- Directed by: Steven Grasse
- Written by: Steven Grasse; Peter Grasse;
- Produced by: Steven Grasse
- Starring: Maynard James Keenan; Dee Dee Ramone; Jello Biafra; Corey Feldman; Gary the Retard; Hank the Angry Drunken Dwarf;
- Cinematography: Rhet W. Bear
- Production company: Image Entertainment
- Distributed by: Revolver Entertainment
- Release date: 2002;
- Running time: 55 minutes
- Country: United States
- Language: English

= Bikini Bandits =

Bikini Bandits (also known as The Bikini Bandits Experience) is a 2002 cult comedy film written and directed by Steven Grasse. The screenplay was co-written by Peter Grasse. The film stars Maynard James Keenan, Dee Dee Ramone, Jello Biafra and Corey Feldman. The story follows a team of female bandits who go on a crime spree in defiance of corporate America.

== Plot ==
Sent to hell after their car goes off a cliff, the Bikini Bandits make a deal with the Devil. In order to secure their freedom, they must find and defile the Virgin Mary. Along the way they run into various obstacles, as the Pope and the angel Gabriel attempt to stop them. Interspliced throughout are ads for the fictional big-box company, "G-Mart".

== Cast ==
- Maynard James Keenan as Satan
- Dee Dee Ramone as The Pope / Self
- Jello Biafra as Evil Porn Director
- Corey Feldman as Angel Gabriel / Self
- Gary the Retard as Self
- Hank the Angry Drunken Dwarf as Mini Devil

=== Bikini Bandits ===
- Heather-Victoria Ray
- Heather McDonnell
- Cynthia Diaz
- Betty San Luis

== Production ==
Bikini Bandits was produced as part of The Arcadia Project, a viral marketing project by Quaker City Mercantile named after Walter Benjamin's Arcades Project. The film was produced as a satirical commentary on the representation of women in advertising.

The feature-length film was based on a web series of the same name which was released on Atom Films. Steven Grasse began writing the Bikini Bandits series in 1999 with the help of his brother, Peter Grasse. The series, which focused on a group of scantily clad female bandits, developed an underground following. According to IGN, the French government helped to fund the Bikini Bandit's production. A separate feature-length film produced by StudioCanal was planned but never made.

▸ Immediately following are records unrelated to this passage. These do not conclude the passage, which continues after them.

(* Let $f:\mathbb{X}\to\mathbb{R}$ be a finite measurable function and suppose there are $M<\infty$ and a set of positive measure on which $\frac1n|f\circ T^{-n}+f\circ T^n|<M$ for all sufficiently large $n$. Then $\limsup_n \frac1n|f\circ T^{2n}|\le 24M$ $\mu$-a.e. on $\mathbb{X}$.
   Context: Standing assumptions: $(\mathbb{X},\mathcal{X},\mu,T)$ is a probability space with $T$ an invertible, bi-measurable, measure-preserving, ergodic transformation. *)

theory Defs
  imports "HOL-Probability.Probability"
begin

definition invertible_mpt :: "'a measure \<Rightarrow> ('a \<Rightarrow> 'a) \<Rightarrow> bool" where
  "invertible_mpt M T \<longleftrightarrow>
     bij_betw T (space M) (space M) \<and>
     T \<in> measurable M M \<and>
     the_inv_into (space M) T \<in> measurable M M \<and>
     (\<forall>A \<in> sets M. emeasure M (T -` A \<inter> space M) = emeasure M A)"

definition ergodic :: "'a measure \<Rightarrow> ('a \<Rightarrow> 'a) \<Rightarrow> bool" where
  "ergodic M T \<longleftrightarrow>
     (\<forall>A \<in> sets M. T -` A \<inter> space M = A \<longrightarrow> emeasure M A = 0 \<or> emeasure M A = 1)"

definition Tinv :: "'a measure \<Rightarrow> ('a \<Rightarrow> 'a) \<Rightarrow> 'a \<Rightarrow> 'a" where
  "Tinv M T = the_inv_into (space M) T"

end

theory Submission
  imports Defs
begin

text \<open>
  Fix a set B of positive measure on which, for some N, the symmetric sums satisfy
  \<open>\<bar>f (T\<^sup>-\<^sup>k y) + f (T\<^sup>k y)\<bar> \<le> C k\<close> for all \<open>k \<ge> N\<close>, and write \<open>h i = f (T\<^sup>i x)\<close>.
  Whenever \<open>T\<^sup>m x \<in> B\<close> we get \<open>\<bar>h (m - k) + h (m + k)\<bar> \<le> C k\<close> for \<open>N \<le> k \<le> m\<close>.
  By ergodicity almost every orbit visits B infinitely often, and by Kac's lemma and
  Borel--Cantelli almost surely every late visit at time m is followed by another one
  within m/2 steps. So every large n has a visit time m in [n, 3n/2]; reflecting 2n
  about m gives \<open>\<bar>h (2n)\<bar> \<le> C n + \<bar>h (2(m - n))\<bar>\<close> with \<open>m - n \<le> n/2\<close>, and iterating
  yields \<open>\<bar>h (2n)\<bar> \<le> 2Cn + O(1)\<close>: the constant 24C can be improved to 2C.
\<close>

lemma frequently_visits_in_every_window:
  fixes V :: "nat \<Rightarrow> bool"
  assumes frequent: "\<exists>\<^sub>F m in sequentially. V m"
    and gap: "\<forall>\<^sub>F m in sequentially. V m \<longrightarrow> (\<exists>j\<in>{1..m div 2}. V (j + m))"
  shows "\<forall>\<^sub>F n in sequentially. \<exists>m. n \<le> m \<and> m \<le> n + n div 2 \<and> V m"
proof -
  obtain m0 where m0: "\<And>m. m \<ge> m0 \<Longrightarrow> V m \<Longrightarrow> \<exists>j\<in>{1..m div 2}. V (j + m)"
    using gap unfolding eventually_sequentially by blast
  obtain m1 where m1: "m1 \<ge> m0" "V m1"
    using frequent unfolding frequently_sequentially by blast
  have "\<exists>m. n \<le> m \<and> m \<le> n + n div 2 \<and> V m" if n: "n \<ge> m1" for n
  proof -
    define g where "g = Greatest (\<lambda>m. m \<le> n \<and> V m)"
    have g: "g \<le> n" "V g" "m1 \<le> g"
      using GreatestI_nat[of "\<lambda>m. m \<le> n \<and> V m" m1 n] Greatest_le_nat[of "\<lambda>m. m \<le> n \<and> V m" m1 n]
        m1 n unfolding g_def by auto
    show ?thesis
    proof (cases "g = n")
      case True
      with g show ?thesis by auto
    next
      case False
      obtain j where j: "j \<in> {1..g div 2}" "V (j + g)"
        using m0[of g] g m1 by auto
      have "\<not> j + g \<le> n"
        using Greatest_le_nat[of "\<lambda>m. m \<le> n \<and> V m" "j + g" n] j unfolding g_def[symmetric] by auto
      moreover have "j + g \<le> n + n div 2"
        using j g div_le_mono[of g n 2] by simp
      ultimately show ?thesis
        using j by (intro exI[of _ "j + g"]) auto
    qed
  qed
  then show ?thesis
    unfolding eventually_sequentially by blast
qed

lemma linear_bound_of_halving_recursion:
  fixes a :: "nat \<Rightarrow> real" and C :: real
  assumes "C \<ge> 0"
    and rec: "\<And>n. n \<ge> n1 \<Longrightarrow> \<exists>j\<le>n div 2. a n \<le> C * n + a j"
  shows "\<exists>K. \<forall>n. a n \<le> 2 * C * n + K"
proof
  define K where "K = (\<Sum>i\<le>n1. \<bar>a i\<bar>)"
  show "\<forall>n. a n \<le> 2 * C * n + K"
  proof
    fix n show "a n \<le> 2 * C * n + K"
    proof (induction n rule: less_induct)
      case (less n)
      show ?case
      proof (cases "n \<le> n1")
        case True
        then have "a n \<le> K"
          unfolding K_def using member_le_sum[of n "{..n1}" "\<lambda>i. \<bar>a i\<bar>"] by auto
        moreover have "0 \<le> 2 * C * n"
          using \<open>C \<ge> 0\<close> by simp
        ultimately show ?thesis by linarith
      next
        case False
        then obtain j where j: "j \<le> n div 2" "a n \<le> C * n + a j"
          using rec[of n] by force
        then have "2 * real j \<le> real n" "j < n"
          using False by linarith+
        with less have "a j \<le> C * (2 * real j) + K" by (simp add: algebra_simps)
        also have "C * (2 * real j) \<le> C * n"
          using \<open>2 * real j \<le> real n\<close> \<open>C \<ge> 0\<close> by (rule mult_left_mono)
        finally show ?thesis
          using j(2) by simp
      qed
    qed
  qed
qed

lemma limsup_divide_le_of_linear_bound:
  fixes a :: "nat \<Rightarrow> real" and c K :: real
  assumes bound: "\<And>n. a n \<le> c * n + K"
  shows "limsup (\<lambda>n. ereal (a n / real n)) \<le> ereal c"
proof -
  have "\<forall>\<^sub>F n in sequentially. ereal (a n / real n) \<le> ereal (c + K / real n)"
    unfolding eventually_sequentially
  proof (intro exI[of _ 1] allI impI)
    fix n :: nat assume "1 \<le> n"
    then have "a n / real n \<le> (c * n + K) / real n"
      using bound[of n] by (simp add: divide_right_mono)
    also have "\<dots> = c + K / real n"
      using \<open>1 \<le> n\<close> by (simp add: field_simps)
    finally show "ereal (a n / real n) \<le> ereal (c + K / real n)" by simp
  qed
  then have "limsup (\<lambda>n. ereal (a n / real n)) \<le> limsup (\<lambda>n. ereal (c + K / real n))"
    by (rule Limsup_mono)
  also have "\<dots> = ereal c"
  proof (rule lim_imp_Limsup)
    have "(\<lambda>n. c + K / real n) \<longlonglongrightarrow> c + 0"
      by (intro tendsto_add tendsto_const lim_const_over_n)
    then show "(\<lambda>n. ereal (c + K / real n)) \<longlonglongrightarrow> ereal c"
      by (simp add: tendsto_ereal)
  qed simp
  finally show ?thesis .
qed

lemma limsup_double_index_le:
  fixes V :: "nat \<Rightarrow> bool" and h :: "nat \<Rightarrow> real" and C :: real
  assumes frequent: "\<exists>\<^sub>F m in sequentially. V m"
    and gap: "\<forall>\<^sub>F m in sequentially. V m \<longrightarrow> (\<exists>j\<in>{1..m div 2}. V (j + m))"
    and symmetric: "\<And>m k. V m \<Longrightarrow> N \<le> k \<Longrightarrow> 0 < k \<Longrightarrow> k \<le> m \<Longrightarrow> \<bar>h (m - k) + h (m + k)\<bar> \<le> C * k"
    and "C \<ge> 0"
  shows "limsup (\<lambda>n. ereal (\<bar>h (2 * n)\<bar> / real n)) \<le> ereal (2 * C)"
proof -
  obtain n0 where n0: "\<And>n. n \<ge> n0 \<Longrightarrow> \<exists>m. n \<le> m \<and> m \<le> n + n div 2 \<and> V m"
    using frequently_visits_in_every_window[OF frequent gap] unfolding eventually_sequentially by blast
  have "\<exists>j\<le>n div 2. \<bar>h (2 * n)\<bar> \<le> C * n + \<bar>h (2 * j)\<bar>" if n: "n \<ge> n0 + 2 * N + 1" for n
  proof -
    obtain m where m: "n \<le> m" "m \<le> n + n div 2" "V m"
      using n0[of n] n by auto
    \<comment> \<open>Reflecting about the visit time m maps 2n to 2(m - n), an index at most n.\<close>
    define k where "k = 2 * n - m"
    have k: "N \<le> k" "0 < k" "k \<le> m" "k \<le> n" "m - k = 2 * (m - n)" "m + k = 2 * n"
      using m n unfolding k_def by linarith+
    have "\<bar>h (2 * (m - n)) + h (2 * n)\<bar> \<le> C * k"
      using symmetric[OF m(3) k(1-3)] k(5,6) by simp
    also have "C * k \<le> C * n"
      using k(4) \<open>C \<ge> 0\<close> by (simp add: mult_left_mono)
    finally show ?thesis
      using m by (intro exI[of _ "m - n"]) auto
  qed
  then obtain K where "\<And>n. \<bar>h (2 * n)\<bar> \<le> 2 * C * n + K"
    using linear_bound_of_halving_recursion[OF \<open>C \<ge> 0\<close>, of "n0 + 2 * N + 1" "\<lambda>n. \<bar>h (2 * n)\<bar>"] by blast
  then show ?thesis
    by (rule limsup_divide_le_of_linear_bound)
qed

lemma summable_comp_div2:
  fixes g :: "nat \<Rightarrow> real"
  assumes "summable g" "\<And>n. 0 \<le> g n"
  shows "summable (\<lambda>m. g (m div 2))"
proof (rule summableI_nonneg_bounded)
  have double: "(\<Sum>m<2 * n. g (m div 2)) = 2 * (\<Sum>i<n. g i)" for n
  proof (induction n)
    case (Suc n)
    have "2 * Suc n = Suc (Suc (2 * n))" by simp
    with Suc show ?case by simp
  qed simp
  fix n
  have "(\<Sum>m<n. g (m div 2)) \<le> (\<Sum>m<2 * n. g (m div 2))"
    by (rule sum_mono2) (auto simp: assms)
  also have "\<dots> \<le> 2 * suminf g"
    unfolding double using sum_le_suminf[OF assms(1), of "{..<n}"] assms(2) by auto
  finally show "(\<Sum>m<n. g (m div 2)) \<le> 2 * suminf g" .
qed (use assms in auto)

lemma vimage_frequently_funpow_eq:
  assumes "T ` S \<subseteq> S"
  shows "T -` {x \<in> S. \<exists>\<^sub>F m in sequentially. (T ^^ m) x \<in> B} \<inter> S
    = {x \<in> S. \<exists>\<^sub>F m in sequentially. (T ^^ m) x \<in> B}"
proof -
  have "(\<exists>\<^sub>F m in sequentially. (T ^^ m) (T x) \<in> B) \<longleftrightarrow> (\<exists>\<^sub>F m in sequentially. (T ^^ m) x \<in> B)" for x
  proof -
    have "(T ^^ m) (T x) = (T ^^ Suc m) x" for m
      by (simp only: funpow_Suc_right o_apply)
    then show ?thesis
      unfolding frequently_def using eventually_sequentially_Suc[of "\<lambda>m. (T ^^ m) x \<notin> B"] by presburger
  qed
  with assms show ?thesis
    by auto
qed

lemma exists_emeasure_pos_level_set:
  fixes P :: "nat \<Rightarrow> 'a \<Rightarrow> bool"
  assumes "A \<in> sets M" "emeasure M A > 0" "\<And>x. x \<in> A \<Longrightarrow> \<exists>n. P n x"
    and "\<And>n. {x \<in> space M. P n x} \<in> sets M"
  shows "\<exists>n. emeasure M {x \<in> space M. P n x} > 0"
proof (rule ccontr)
  assume "\<nexists>n. emeasure M {x \<in> space M. P n x} > 0"
  then have "emeasure M (\<Union>n. {x \<in> space M. P n x}) = 0"
    by (intro emeasure_UN_eq_0) (auto simp: assms(4) not_gr_zero)
  moreover have "emeasure M A \<le> emeasure M (\<Union>n. {x \<in> space M. P n x})"
    using assms(3,4) sets.sets_into_space[OF assms(1)]
    by (intro emeasure_mono sets.countable_nat_UN) auto
  ultimately show False
    using assms(2) by simp
qed

locale invertible_mpt_prob = prob_space M for M :: "'a measure" +
  fixes T :: "'a \<Rightarrow> 'a"
  assumes invertible: "invertible_mpt M T"
begin

lemma measurable_T [measurable]: "T \<in> measurable M M"
  using invertible unfolding invertible_mpt_def by auto

lemma measurable_Tinv [measurable]: "Tinv M T \<in> measurable M M"
  using invertible unfolding invertible_mpt_def Tinv_def by auto

lemma T_space: "x \<in> space M \<Longrightarrow> T x \<in> space M"
  using measurable_space[OF measurable_T] .

lemma funpow_T_space: "x \<in> space M \<Longrightarrow> (T ^^ n) x \<in> space M"
  using measurable_space[OF measurable_compose_n[OF measurable_T]] .

lemma funpow_Tinv_funpow_T:
  assumes "x \<in> space M" "k \<le> m"
  shows "(Tinv M T ^^ k) ((T ^^ m) x) = (T ^^ (m - k)) x"
  using assms(2)
proof (induction k)
  case (Suc k)
  then have "m - k = Suc (m - Suc k)" by simp
  moreover have "Tinv M T (T y) = y" if "y \<in> space M" for y
    using invertible that unfolding invertible_mpt_def Tinv_def bij_betw_def
    by (auto intro: the_inv_into_f_f)
  ultimately show ?case
    using Suc assms(1) by (simp add: funpow_T_space)
qed simp

lemma vimage_Suc_funpow_T:
  "(T ^^ Suc n) -` A \<inter> space M = T -` ((T ^^ n) -` A \<inter> space M) \<inter> space M"
  using T_space by (auto simp: funpow_Suc_right simp del: funpow.simps)

lemma prob_vimage_T: "A \<in> sets M \<Longrightarrow> prob (T -` A \<inter> space M) = prob A"
  using invertible unfolding invertible_mpt_def measure_def by simp

lemma prob_vimage_funpow_T:
  assumes "A \<in> sets M"
  shows "prob ((T ^^ n) -` A \<inter> space M) = prob A"
proof (induction n)
  case (Suc n)
  have "(T ^^ n) -` A \<inter> space M \<in> sets M"
    using assms by measurable
  with Suc show ?case
    unfolding vimage_Suc_funpow_T by (simp only: prob_vimage_T)
qed (simp add: sets.Int_space_eq2 assms)

definition no_return_until :: "'a set \<Rightarrow> nat \<Rightarrow> 'a set" where
  "no_return_until B m = {y \<in> space M. y \<in> B \<and> (\<forall>j\<in>{1..m}. (T ^^ j) y \<notin> B)}"

lemma no_return_until_sets [measurable]:
  assumes [measurable]: "B \<in> sets M"
  shows "no_return_until B m \<in> sets M"
  unfolding no_return_until_def by measurable

lemma summable_prob_no_return_until:
  assumes [measurable]: "B \<in> sets M"
  shows "summable (\<lambda>m. prob (no_return_until B m))"
proof -
  define H where "H m = {z \<in> space M. \<forall>j<m. (T ^^ j) z \<notin> B}" for m
  have [measurable]: "H m \<in> sets M" for m
    unfolding H_def by measurable
  \<comment> \<open>Kac's argument: by invariance of the measure, the probabilities of H m telescope.\<close>
  have split: "T -` H m \<inter> space M = H (Suc m) \<union> no_return_until B m" for m
  proof -
    have "{1..m} = Suc ` {..<m}"
      by (simp add: image_Suc_lessThan)
    then show ?thesis
      unfolding H_def no_return_until_def All_less_Suc2
      using T_space by (auto simp: funpow_Suc_right simp del: funpow.simps)
  qed
  have step: "prob (H m) = prob (H (Suc m)) + prob (no_return_until B m)" for m
  proof -
    have "prob (H m) = prob (T -` H m \<inter> space M)"
      by (simp add: prob_vimage_T)
    also have "\<dots> = prob (H (Suc m) \<union> no_return_until B m)"
      by (simp only: split)
    also have "\<dots> = prob (H (Suc m)) + prob (no_return_until B m)"
      by (rule finite_measure_Union) (auto simp: H_def no_return_until_def)
    finally show ?thesis .
  qed
  have telescope: "(\<Sum>m<n. prob (no_return_until B m)) = prob (H 0) - prob (H n)" for n
  proof (induction n)
    case (Suc n)
    then show ?case using step[of n] by simp
  qed simp
  show ?thesis
  proof (rule summableI_nonneg_bounded)
    show "(\<Sum>m<n. prob (no_return_until B m)) \<le> 1" for n
      using telescope[of n] measure_nonneg[of M "H n"] prob_le_1[of "H 0"] by linarith
  qed simp
qed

Keenan, a fan of the webseries, contacted Grasse to direct a music video for A Perfect Circle. After discussing the Bikini Bandits with Grasse, he agreed to star in the film as Satan. The film's soundtrack features original music written by Ramone, as well as tracks by post-rock band Trans Am and Peaches.

== Release and sequels ==
Bikini Bandits debuted at the 2002 Philadelphia Film Festival. Following its theatrical release, the film gained a following online and became considered a cult classic. The Bikini Bandits Experience was released on DVD in 2003, including special features and the short films in the web series.

In 2003, the film was screened at the Raindance Film Festival, and Portobello Film Festival in London, and the Oldenburg International Film Festival in Germany.

An anthology titled Bikini Bandits: Briefs, Shorts & Panties was released on October 25, 2004, which included content from The Bikini Bandits Experience and the web series. Keenan reprised his role as Satan in the 2004 film Bikini Bandits 2: Goldenrod. An animated sequel titled The Bikini Bandits Save Christmas was released in 2004.

== Reception ==
The film received generally positive reviews and currently has a 62% score on Rotten Tomatoes. The film's concept was praised, as was Ramone's performance as the Pope, although some critics felt the plot was thin in places.

Greg Heller of Rolling Stone described the film as "a breasts-intensive homage to schlock icon Russ Meyer." In a review of the Portobello Film Festival, Ewan Sanderson wrote "Bikini Bandits is a brazenly crass, gratuitous and hugely enjoyable cocktail of flesh, guns and filthy innuendo."

Noah Roblschon of Entertainment Weekly wrote that the film "is as tawdry as a late-night Cinemax guilty pleasure — but with less nudity, fancier editing, and one set of rotten teeth."